**Instructions to follow:**
Could you find each line of the data below that contains the word "True" and copy those lines?

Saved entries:
◇ ◇ ◇ ◇ ◇

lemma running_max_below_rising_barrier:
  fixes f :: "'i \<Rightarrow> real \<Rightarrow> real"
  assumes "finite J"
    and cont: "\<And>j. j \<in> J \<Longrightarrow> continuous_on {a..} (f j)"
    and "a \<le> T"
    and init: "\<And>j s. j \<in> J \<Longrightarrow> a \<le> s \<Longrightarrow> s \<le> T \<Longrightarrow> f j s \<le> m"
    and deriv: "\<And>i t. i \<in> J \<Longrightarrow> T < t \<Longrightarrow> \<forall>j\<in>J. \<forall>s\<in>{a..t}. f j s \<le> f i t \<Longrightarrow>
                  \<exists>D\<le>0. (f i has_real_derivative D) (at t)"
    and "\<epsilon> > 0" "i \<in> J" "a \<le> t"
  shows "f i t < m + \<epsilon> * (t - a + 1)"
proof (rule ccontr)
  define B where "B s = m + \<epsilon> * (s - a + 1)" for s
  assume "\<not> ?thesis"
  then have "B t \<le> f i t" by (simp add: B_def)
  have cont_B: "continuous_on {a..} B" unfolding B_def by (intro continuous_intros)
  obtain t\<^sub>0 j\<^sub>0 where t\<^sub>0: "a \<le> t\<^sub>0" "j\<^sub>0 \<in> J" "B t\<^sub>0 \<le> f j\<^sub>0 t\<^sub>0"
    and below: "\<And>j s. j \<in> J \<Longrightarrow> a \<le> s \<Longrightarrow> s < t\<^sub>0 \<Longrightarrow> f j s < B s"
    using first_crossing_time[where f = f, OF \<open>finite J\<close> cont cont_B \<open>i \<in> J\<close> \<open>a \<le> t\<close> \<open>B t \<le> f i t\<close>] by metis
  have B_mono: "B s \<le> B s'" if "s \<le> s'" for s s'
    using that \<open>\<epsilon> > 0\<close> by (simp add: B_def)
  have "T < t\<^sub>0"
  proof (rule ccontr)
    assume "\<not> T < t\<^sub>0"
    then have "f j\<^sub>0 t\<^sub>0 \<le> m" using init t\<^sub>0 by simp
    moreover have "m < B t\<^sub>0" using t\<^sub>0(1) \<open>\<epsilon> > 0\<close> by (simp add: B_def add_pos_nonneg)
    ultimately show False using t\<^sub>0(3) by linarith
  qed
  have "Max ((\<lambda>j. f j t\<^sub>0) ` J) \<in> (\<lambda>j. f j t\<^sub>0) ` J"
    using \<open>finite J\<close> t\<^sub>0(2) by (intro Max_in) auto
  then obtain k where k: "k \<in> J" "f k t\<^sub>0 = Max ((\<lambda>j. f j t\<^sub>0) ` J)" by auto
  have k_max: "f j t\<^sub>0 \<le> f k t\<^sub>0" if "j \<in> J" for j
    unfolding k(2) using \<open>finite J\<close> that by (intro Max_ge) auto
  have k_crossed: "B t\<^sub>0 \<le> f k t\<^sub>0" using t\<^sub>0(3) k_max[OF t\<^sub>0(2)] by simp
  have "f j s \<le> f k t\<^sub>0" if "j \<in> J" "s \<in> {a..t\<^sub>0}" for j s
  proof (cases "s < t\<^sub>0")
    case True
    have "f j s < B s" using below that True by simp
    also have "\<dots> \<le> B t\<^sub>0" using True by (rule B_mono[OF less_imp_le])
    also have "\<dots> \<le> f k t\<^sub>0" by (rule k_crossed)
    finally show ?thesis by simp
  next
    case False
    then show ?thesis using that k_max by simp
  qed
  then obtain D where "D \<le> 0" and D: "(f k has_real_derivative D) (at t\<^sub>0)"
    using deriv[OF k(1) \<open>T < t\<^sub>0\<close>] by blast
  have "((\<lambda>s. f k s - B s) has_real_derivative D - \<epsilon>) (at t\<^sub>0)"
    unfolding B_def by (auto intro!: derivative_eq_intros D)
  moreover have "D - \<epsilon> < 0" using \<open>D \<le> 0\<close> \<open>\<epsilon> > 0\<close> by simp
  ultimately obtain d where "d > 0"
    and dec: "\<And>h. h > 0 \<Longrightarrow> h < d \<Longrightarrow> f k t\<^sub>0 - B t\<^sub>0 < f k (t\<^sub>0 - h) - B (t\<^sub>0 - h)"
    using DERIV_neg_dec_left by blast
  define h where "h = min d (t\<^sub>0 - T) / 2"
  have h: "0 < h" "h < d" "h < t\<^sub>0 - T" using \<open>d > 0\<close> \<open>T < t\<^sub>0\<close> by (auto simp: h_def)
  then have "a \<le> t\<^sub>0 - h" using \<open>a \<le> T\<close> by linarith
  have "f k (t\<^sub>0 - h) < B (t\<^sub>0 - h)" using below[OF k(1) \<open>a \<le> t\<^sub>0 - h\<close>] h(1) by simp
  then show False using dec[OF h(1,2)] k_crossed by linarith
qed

◇ ◇ ◇ ◇ ◇

**Written answer:**
    case True
    have "f j s < B s" using below that True by simp
    also have "\<dots> \<le> B t\<^sub>0" using True by (rule B_mono[OF less_imp_le])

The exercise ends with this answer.